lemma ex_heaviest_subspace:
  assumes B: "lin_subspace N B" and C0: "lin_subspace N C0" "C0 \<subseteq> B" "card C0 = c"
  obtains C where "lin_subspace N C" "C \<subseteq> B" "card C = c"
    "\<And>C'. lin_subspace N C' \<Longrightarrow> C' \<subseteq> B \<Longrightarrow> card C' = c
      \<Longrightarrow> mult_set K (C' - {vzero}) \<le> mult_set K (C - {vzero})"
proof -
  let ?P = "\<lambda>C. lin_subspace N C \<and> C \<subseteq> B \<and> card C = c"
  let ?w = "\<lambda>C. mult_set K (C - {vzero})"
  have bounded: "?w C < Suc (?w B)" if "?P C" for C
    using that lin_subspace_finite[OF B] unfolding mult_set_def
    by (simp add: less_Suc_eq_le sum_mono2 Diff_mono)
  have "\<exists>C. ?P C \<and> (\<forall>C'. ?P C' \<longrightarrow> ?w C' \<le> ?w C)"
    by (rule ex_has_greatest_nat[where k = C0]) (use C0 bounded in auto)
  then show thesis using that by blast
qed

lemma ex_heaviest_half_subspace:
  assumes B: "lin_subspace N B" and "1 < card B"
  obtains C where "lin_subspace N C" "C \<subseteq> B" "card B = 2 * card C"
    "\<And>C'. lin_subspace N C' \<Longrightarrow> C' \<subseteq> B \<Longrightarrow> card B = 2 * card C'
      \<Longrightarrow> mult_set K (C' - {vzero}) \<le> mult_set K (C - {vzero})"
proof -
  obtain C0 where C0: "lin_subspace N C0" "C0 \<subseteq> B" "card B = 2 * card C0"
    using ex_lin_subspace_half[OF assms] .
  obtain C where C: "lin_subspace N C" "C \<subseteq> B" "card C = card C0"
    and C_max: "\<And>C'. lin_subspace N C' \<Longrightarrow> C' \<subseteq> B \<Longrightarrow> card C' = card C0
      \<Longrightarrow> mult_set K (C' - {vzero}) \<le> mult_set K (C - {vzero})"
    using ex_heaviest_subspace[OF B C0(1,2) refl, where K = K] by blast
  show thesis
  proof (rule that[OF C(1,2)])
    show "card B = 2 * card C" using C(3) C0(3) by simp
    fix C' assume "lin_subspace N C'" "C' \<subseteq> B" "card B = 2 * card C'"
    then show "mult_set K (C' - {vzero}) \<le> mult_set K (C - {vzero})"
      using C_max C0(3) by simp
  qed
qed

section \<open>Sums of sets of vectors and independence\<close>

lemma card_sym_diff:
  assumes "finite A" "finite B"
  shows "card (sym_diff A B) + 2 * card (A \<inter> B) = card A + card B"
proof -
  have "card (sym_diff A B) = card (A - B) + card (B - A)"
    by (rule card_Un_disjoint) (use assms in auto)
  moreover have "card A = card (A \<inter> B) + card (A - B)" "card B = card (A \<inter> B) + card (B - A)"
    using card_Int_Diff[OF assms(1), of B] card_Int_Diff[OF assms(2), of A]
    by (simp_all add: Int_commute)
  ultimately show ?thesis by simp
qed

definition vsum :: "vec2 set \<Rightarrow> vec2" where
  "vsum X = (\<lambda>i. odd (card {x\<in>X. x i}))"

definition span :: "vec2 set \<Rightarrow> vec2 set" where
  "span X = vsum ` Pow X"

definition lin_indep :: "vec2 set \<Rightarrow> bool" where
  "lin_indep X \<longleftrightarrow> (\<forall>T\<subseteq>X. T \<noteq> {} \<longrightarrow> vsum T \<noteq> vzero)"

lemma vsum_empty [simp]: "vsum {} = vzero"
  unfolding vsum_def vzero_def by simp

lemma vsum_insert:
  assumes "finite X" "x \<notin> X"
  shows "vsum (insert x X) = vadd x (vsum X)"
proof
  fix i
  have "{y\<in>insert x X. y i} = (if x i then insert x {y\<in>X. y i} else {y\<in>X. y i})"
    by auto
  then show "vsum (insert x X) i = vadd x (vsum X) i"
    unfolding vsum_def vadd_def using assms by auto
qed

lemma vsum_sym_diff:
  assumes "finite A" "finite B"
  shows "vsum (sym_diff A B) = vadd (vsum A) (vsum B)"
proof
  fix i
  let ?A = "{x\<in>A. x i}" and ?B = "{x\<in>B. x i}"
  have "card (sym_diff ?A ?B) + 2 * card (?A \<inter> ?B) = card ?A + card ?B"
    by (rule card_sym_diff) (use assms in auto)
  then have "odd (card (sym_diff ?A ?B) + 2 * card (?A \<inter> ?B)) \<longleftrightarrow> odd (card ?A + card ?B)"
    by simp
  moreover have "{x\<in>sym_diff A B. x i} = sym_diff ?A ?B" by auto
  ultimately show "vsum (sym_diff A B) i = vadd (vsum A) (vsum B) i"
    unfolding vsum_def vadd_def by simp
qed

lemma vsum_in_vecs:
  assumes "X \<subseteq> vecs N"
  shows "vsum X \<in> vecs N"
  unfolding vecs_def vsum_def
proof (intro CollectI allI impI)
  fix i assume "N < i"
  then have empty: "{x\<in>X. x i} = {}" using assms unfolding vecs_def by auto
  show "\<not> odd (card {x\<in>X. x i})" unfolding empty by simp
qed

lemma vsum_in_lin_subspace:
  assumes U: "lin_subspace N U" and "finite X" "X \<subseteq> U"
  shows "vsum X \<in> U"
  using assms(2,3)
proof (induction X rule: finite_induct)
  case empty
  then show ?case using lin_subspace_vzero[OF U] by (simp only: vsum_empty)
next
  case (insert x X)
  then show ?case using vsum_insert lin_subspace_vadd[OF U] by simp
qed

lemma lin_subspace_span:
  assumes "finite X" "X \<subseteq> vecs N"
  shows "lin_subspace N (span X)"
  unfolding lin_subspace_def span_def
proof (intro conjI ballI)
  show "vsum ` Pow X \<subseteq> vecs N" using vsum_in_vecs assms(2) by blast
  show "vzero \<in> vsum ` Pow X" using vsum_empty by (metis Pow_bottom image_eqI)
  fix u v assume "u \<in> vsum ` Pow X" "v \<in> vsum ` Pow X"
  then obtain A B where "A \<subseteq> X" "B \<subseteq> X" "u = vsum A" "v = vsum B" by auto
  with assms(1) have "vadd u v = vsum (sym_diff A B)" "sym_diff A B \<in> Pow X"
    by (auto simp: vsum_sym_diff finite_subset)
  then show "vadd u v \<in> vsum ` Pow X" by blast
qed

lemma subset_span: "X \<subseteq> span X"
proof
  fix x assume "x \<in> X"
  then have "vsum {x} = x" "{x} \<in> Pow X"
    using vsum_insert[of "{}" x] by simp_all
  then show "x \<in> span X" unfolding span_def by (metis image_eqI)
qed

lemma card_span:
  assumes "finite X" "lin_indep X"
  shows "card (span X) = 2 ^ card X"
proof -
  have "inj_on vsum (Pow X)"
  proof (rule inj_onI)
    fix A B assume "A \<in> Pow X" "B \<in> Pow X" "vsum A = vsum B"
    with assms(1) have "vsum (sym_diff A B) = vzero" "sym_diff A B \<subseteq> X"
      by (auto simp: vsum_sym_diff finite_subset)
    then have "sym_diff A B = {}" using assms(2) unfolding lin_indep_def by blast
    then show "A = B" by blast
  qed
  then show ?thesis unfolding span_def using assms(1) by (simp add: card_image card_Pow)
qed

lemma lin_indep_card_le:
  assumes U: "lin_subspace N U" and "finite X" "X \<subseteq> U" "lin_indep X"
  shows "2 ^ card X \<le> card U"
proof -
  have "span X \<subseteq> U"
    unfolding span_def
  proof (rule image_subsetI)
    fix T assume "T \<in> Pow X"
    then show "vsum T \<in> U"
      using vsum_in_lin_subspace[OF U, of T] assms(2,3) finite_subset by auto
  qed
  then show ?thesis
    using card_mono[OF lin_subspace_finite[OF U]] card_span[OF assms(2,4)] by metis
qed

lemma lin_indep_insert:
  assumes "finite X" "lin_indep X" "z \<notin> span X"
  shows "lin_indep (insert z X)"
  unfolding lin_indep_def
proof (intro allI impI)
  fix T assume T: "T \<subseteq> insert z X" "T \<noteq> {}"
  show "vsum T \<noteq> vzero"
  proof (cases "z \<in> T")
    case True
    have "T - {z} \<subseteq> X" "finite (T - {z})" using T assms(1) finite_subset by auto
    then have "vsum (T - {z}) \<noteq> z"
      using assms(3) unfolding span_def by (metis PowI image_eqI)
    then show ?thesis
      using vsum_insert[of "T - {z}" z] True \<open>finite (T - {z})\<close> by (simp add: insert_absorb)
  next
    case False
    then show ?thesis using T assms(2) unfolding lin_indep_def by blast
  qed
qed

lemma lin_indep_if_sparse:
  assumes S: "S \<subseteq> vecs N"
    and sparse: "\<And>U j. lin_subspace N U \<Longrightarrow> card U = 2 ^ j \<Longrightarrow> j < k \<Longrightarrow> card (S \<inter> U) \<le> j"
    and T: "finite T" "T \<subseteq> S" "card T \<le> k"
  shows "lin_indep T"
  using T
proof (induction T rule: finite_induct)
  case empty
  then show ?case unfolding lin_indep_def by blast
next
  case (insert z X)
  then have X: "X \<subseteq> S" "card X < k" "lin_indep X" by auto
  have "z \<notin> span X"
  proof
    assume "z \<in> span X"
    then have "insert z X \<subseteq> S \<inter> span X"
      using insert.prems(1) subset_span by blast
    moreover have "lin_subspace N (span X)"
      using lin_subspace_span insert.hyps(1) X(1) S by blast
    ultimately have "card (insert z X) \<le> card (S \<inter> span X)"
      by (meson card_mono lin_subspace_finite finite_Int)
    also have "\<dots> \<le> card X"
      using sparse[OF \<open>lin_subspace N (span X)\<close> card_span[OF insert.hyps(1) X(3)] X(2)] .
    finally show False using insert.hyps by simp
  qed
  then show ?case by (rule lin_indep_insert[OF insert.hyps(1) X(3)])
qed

--

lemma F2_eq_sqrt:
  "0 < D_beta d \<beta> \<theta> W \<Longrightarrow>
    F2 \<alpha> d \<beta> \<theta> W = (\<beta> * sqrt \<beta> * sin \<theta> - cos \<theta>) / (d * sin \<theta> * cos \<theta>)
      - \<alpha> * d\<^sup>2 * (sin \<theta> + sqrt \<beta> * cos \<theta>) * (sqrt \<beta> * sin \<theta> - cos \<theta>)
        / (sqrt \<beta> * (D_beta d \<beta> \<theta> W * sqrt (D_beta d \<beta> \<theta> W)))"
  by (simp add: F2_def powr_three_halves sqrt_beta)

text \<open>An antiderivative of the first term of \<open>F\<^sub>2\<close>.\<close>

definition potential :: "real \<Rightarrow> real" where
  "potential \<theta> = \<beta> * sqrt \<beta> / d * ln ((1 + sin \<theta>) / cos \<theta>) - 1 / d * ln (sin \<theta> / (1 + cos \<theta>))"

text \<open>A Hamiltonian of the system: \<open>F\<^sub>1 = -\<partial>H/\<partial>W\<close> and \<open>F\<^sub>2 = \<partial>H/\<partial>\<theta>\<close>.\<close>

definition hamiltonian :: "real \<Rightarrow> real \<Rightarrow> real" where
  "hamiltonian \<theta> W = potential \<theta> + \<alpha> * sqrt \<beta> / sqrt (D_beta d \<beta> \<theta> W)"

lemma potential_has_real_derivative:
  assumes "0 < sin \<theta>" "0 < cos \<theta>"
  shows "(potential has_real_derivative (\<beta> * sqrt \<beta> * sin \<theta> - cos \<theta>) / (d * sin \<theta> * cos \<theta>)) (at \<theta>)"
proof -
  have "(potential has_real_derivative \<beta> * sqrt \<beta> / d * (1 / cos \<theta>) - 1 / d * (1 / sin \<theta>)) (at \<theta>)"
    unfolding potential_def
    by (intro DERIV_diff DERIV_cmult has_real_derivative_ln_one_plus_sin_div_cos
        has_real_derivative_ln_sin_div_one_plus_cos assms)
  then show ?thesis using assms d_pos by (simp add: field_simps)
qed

## Your assignment
Copy out all lines above that include the string "thesis".

## Result
  then show thesis using that by blast
  show thesis
  ultimately show ?thesis by simp
  then show ?thesis unfolding span_def using assms(1) by (simp add: card_image card_Pow)
  then show ?thesis
    then show ?thesis
    then show ?thesis using T assms(2) unfolding lin_indep_def by blast
  then show ?thesis using assms d_pos by (simp add: field_simps)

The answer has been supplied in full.